Он вышел из машины, чувствуя, как вздымаются и оттягивают плечи могучие крылья, придавая ему силы, и двинулся вперед, ступая по густой тишине тротуаров, на время забывших о своей обличающей природе.
Он подошел к дверцам кабины фургона. За передним сиденьем висели задернутые занавески, и стоило ему взглянуть на них, как они шевельнулись. По телу Энгельманна прошла дрожь, ритмичные, словно волны, движения отзывались в его теле; опустив властный взгляд, он заметил, что серебристая кнопка блокировки за стеклом, подчинившись его воле, высится из гнезда.
Он оживился, осознавая, как быстры и стремительны его движения по сравнению с оторопелым, телесно-экстазным временем, в которое врывался: он – небесный сокол; они – одурелые и зардевшиеся, словно паразиты, напившиеся крови до того, что не могут и шевельнуться.

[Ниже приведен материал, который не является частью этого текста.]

lemma is_hgeodesic_sigma_image:
  assumes b: "cmod b < 1" and G: "is_hgeodesic G"
  shows "is_hgeodesic (sigma b ` G)"
proof -
  obtain A \<beta> where nd: "A\<^sup>2 < (cmod \<beta>)\<^sup>2" and "G = hcircle A \<beta>"
    using G unfolding is_hgeodesic_iff_hcircle by blast
  moreover have "(cmod b)\<^sup>2 < 1"
    using b by (simp add: abs_square_less_1)
  then have "(1 - (cmod b)\<^sup>2)\<^sup>2 * ((cmod \<beta>)\<^sup>2 - A\<^sup>2) > 0"
    using nd by simp
  then have "(sigma_coeff_A b A \<beta>)\<^sup>2 < (cmod (sigma_coeff_B b A \<beta>))\<^sup>2"
    using sigma_coeff_discriminant[of b A \<beta>] by linarith
  ultimately show ?thesis
    unfolding is_hgeodesic_iff_hcircle using sigma_image_hcircle[OF b] by blast
qed

lemma is_hgeodesic_subset_disc: "is_hgeodesic G \<Longrightarrow> G \<subseteq> unit_disc"
  unfolding is_hgeodesic_iff_hcircle hcircle_def by auto

section \<open>The geodesic through two points\<close>

lemma is_hgeodesic_diameter: "w \<noteq> 0 \<Longrightarrow> is_hgeodesic (hcircle 0 (\<i> * w))"
  by (intro is_hgeodesic_hcircle) (simp add: norm_mult)

lemma is_hgeodesic_through_0:
  assumes "is_hgeodesic G" and "0 \<in> G" and "w \<in> G" and "w \<noteq> 0"
  shows "G = hcircle 0 (\<i> * w)"
proof -
  obtain A \<beta> where nd: "A\<^sup>2 < (cmod \<beta>)\<^sup>2" and G: "G = hcircle A \<beta>"
    using assms(1) unfolding is_hgeodesic_iff_hcircle by blast
  have A: "A = 0"
    using \<open>0 \<in> G\<close> G by (simp add: hcircle_def hform_def)
  then have "\<beta> \<noteq> 0"
    using nd by auto
  have "hform 0 \<beta> w = 0"
    using \<open>w \<in> G\<close> G A by (simp add: hcircle_def)
  then have "Re (cnj w * \<beta>) = 0"
    by (simp add: hform_def complex_eq_iff mult.commute)
  define s where "s = Im (cnj w * \<beta>)"
  have s: "cnj w * \<beta> = \<i> * of_real s"
    using \<open>Re (cnj w * \<beta>) = 0\<close> unfolding s_def by (simp add: complex_eq_iff)
  have "\<beta> * of_real ((cmod w)\<^sup>2) = w * (cnj w * \<beta>)"
    by (simp only: complex_norm_square) (simp add: mult_ac)
  then have \<beta>: "\<beta> = of_real (s / (cmod w)\<^sup>2) * (\<i> * w)"
    using \<open>w \<noteq> 0\<close> unfolding s by (simp add: field_simps)
  then have "s / (cmod w)\<^sup>2 \<noteq> 0"
    using \<open>\<beta> \<noteq> 0\<close> by auto
  then have "hcircle ((s / (cmod w)\<^sup>2) * 0) (of_real (s / (cmod w)\<^sup>2) * (\<i> * w)) = hcircle 0 (\<i> * w)"
    by (rule hcircle_scale)
  then show ?thesis
    using G A \<beta> by simp
qed

lemma is_hgeodesic_unique:
  assumes G1: "is_hgeodesic G1" "p \<in> G1" "q \<in> G1"
    and G2: "is_hgeodesic G2" "p \<in> G2" "q \<in> G2"
    and "p \<noteq> q"
  shows "G1 = G2"
proof -
  have p: "cmod p < 1" and q: "cmod q < 1"
    using is_hgeodesic_subset_disc[OF G1(1)] G1 by auto
  define w where "w = sigma p q"
  have "w \<noteq> 0"
    unfolding w_def using sigma_eq_0_iff[OF p q] \<open>p \<noteq> q\<close> by simp
  have "sigma p ` G = hcircle 0 (\<i> * w)"
    if "is_hgeodesic G" "p \<in> G" "q \<in> G" for G
    using that \<open>w \<noteq> 0\<close> unfolding w_def
    by (intro is_hgeodesic_through_0 is_hgeodesic_sigma_image[OF p]) (auto intro!: image_eqI)
  then have "sigma (- p) ` sigma p ` G1 = sigma (- p) ` sigma p ` G2"
    using G1 G2 by simp
  then show ?thesis
    using sigma_minus_image_sigma_image[OF p] is_hgeodesic_subset_disc G1(1) G2(1) by simp
qed

lemma hgeodesic_eqI:
  assumes "is_hgeodesic G" and "p \<in> G" and "q \<in> G" and "p \<noteq> q"
  shows "hgeodesic p q = G"
  unfolding hgeodesic_def using assms is_hgeodesic_unique by (intro the_equality) blast+

lemma hgeodesic_diameter:
  assumes "cmod w < 1" and "w \<noteq> 0"
  shows "hgeodesic 0 w = hcircle 0 (\<i> * w)"
  using assms by (intro hgeodesic_eqI is_hgeodesic_diameter) (auto simp: mem_hcircle_diameter_iff)

lemma is_hgeodesic_hgeodesic:
  assumes p: "cmod p < 1" and q: "cmod q < 1" and "p \<noteq> q"
  shows "is_hgeodesic (hgeodesic p q)" and "p \<in> hgeodesic p q" and "q \<in> hgeodesic p q"
proof -
  define w where "w = sigma p q"
  have "w \<noteq> 0"
    unfolding w_def using sigma_eq_0_iff[OF p q] \<open>p \<noteq> q\<close> by simp
  moreover have "cmod w < 1"
    unfolding w_def using norm_sigma_less_1[OF p q] .
  ultimately have "0 \<in> hcircle 0 (\<i> * w)" "w \<in> hcircle 0 (\<i> * w)"
    by (auto simp: mem_hcircle_diameter_iff)
  moreover have "sigma (- p) 0 = p" "sigma (- p) w = q"
    unfolding w_def using sigma_minus_sigma[OF p q] by simp_all
  ultimately have G: "p \<in> sigma (- p) ` hcircle 0 (\<i> * w)" "q \<in> sigma (- p) ` hcircle 0 (\<i> * w)"
    by (metis image_eqI)+
  have "is_hgeodesic (sigma (- p) ` hcircle 0 (\<i> * w))"
    using p \<open>w \<noteq> 0\<close> by (intro is_hgeodesic_sigma_image is_hgeodesic_diameter) simp_all
  then have "hgeodesic p q = sigma (- p) ` hcircle 0 (\<i> * w)"
    using G \<open>p \<noteq> q\<close> by (intro hgeodesic_eqI)
  then show "is_hgeodesic (hgeodesic p q)" "p \<in> hgeodesic p q" "q \<in> hgeodesic p q"
    using G \<open>is_hgeodesic (sigma (- p) ` hcircle 0 (\<i> * w))\<close> by simp_all
qed

lemma hgeodesic_sigma:
  assumes b: "cmod b < 1" and p: "cmod p < 1" and q: "cmod q < 1" and "p \<noteq> q"
  shows "hgeodesic (sigma b p) (sigma b q) = sigma b ` hgeodesic p q"
proof (rule hgeodesic_eqI)
  show "is_hgeodesic (sigma b ` hgeodesic p q)"
    by (intro is_hgeodesic_sigma_image b is_hgeodesic_hgeodesic p q \<open>p \<noteq> q\<close>)
  show "sigma b p \<in> sigma b ` hgeodesic p q" "sigma b q \<in> sigma b ` hgeodesic p q"
    using is_hgeodesic_hgeodesic[OF p q \<open>p \<noteq> q\<close>] by simp_all
  show "sigma b p \<noteq> sigma b q"
    using inj_on_sigma[OF b] p q \<open>p \<noteq> q\<close> by (metis inj_on_eq_iff mem_Collect_eq)
qed

lemma neg_in_hgeodesic_sigma_opposite:
  assumes b: "cmod b < 1" and w: "cmod w < 1" "w \<noteq> 0"
  shows "- b \<in> hgeodesic (sigma b w) (sigma b (- w))"
proof -
  have "w \<noteq> - w"
    using w by (simp add: complex_eq_iff)
  then have "hgeodesic w (- w) = hcircle 0 (\<i> * w)"
    using w by (intro hgeodesic_eqI is_hgeodesic_diameter) (auto simp: mem_hcircle_diameter_iff)
  then have "0 \<in> hgeodesic w (- w)"
    by (simp add: mem_hcircle_diameter_iff)
  then have "sigma b 0 \<in> sigma b ` hgeodesic w (- w)"
    by (rule imageI)
  then show ?thesis
    using hgeodesic_sigma[OF b w(1), of "- w"] w \<open>w \<noteq> - w\<close> by simp
qed

section \<open>Tangent directions\<close>

lemma connected_component_sigma_image:
  assumes "cmod b < 1" and "X \<subseteq> unit_disc" and "x \<in> X"
  shows "connected_component_set (sigma b ` X) (sigma b x) = sigma b ` connected_component_set X x"
proof -
  have "homeomorphism X (sigma b ` X) (sigma b) (sigma (- b))"
    using homeomorphism_sigma[OF assms(1)] assms(2) by (rule homeomorphism_of_subsets) auto
  then show ?thesis
    using assms(3) by (rule connected_component_set_homeomorphism)
qed

lemma filterlim_sigma_at_within:
  assumes b: "cmod b < 1" and S: "S \<subseteq> unit_disc" and p: "cmod p < 1"
  shows "filterlim (sigma b) (at (sigma b p) within sigma b ` S) (at p within S)"
  unfolding filterlim_at
proof
  show "\<forall>\<^sub>F z in at p within S. sigma b z \<in> sigma b ` S \<and> sigma b z \<noteq> sigma b p"
    unfolding eventually_at_filter using S p inj_on_sigma[OF b]
    by (intro always_eventually) (auto simp: inj_on_eq_iff)
  show "(sigma b \<longlongrightarrow> sigma b p) (at p within S)"
    unfolding sigma_def using sigma_denom_nonzero[OF b p] by (intro tendsto_intros) auto
qed

lemma at_within_sigma_image_nontrivial:
  assumes "cmod b < 1" and "S \<subseteq> unit_disc" and "cmod p < 1" and "at p within S \<noteq> bot"
  shows "at (sigma b p) within sigma b ` S \<noteq> bot"
  using filterlim_sigma_at_within[OF assms(1-3)] assms(4) unfolding filterlim_def
  by (metis bot_unique filtermap_bot_iff)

Схватившись за ручку, он надавил на кнопку, одним махом распахнул дверцу и прыгнул на водительское сиденье, прожимая его коленями. Отодвинул занавеску, и два тусклых луча фонарного света пронзили темноту, разбившись на осколки о два тела. Ангел Смерти выжал пулю из своего «Магнума», ощутив, как сладко она оттолкнулась от дула, а затем, пробив кожу, влетела в выпуклую кость меньшей из двух голов. Непревзойденно плавными движениями сухожилий и когтей, с досужей щедростью, он несколько раз пронзил оба черепа, с грохотом выдавая порции свинца, отслеживая смерть целей по спазмам отдачи.
Домой Энгельманн возвращался, петляя по улицам как вздумается. По дороге он заглянул в кругло-суточный магазин за блоком корневого пива, затем развернулся и заехал за газетой в алкогольную лавку, сделал остановку у тако-забегаловки и после подробной вежливой беседы с женским голосом, доносящимся из динамика в виде клоуна, заказал ванильный коктейль. Совершая все эти передвижения, он наслаждался пьянящей свободой – свободой решать, блуждать или не блуждать по улицам города, плавно подкатывать к дорогам и съезжать с них, когда заблагорассудится.
А в это время в воздухе над тем же самым районом, на который Энгельманн решил выплеснуть гнев, качалась межкосмическая пушинка чертополоха. В кругу коллег это существо имело сложное личное имя, выражаемое синхронными артикуляциями на разных электромагнитных частотах и фонетическую форму которого можно передать как «Сираф».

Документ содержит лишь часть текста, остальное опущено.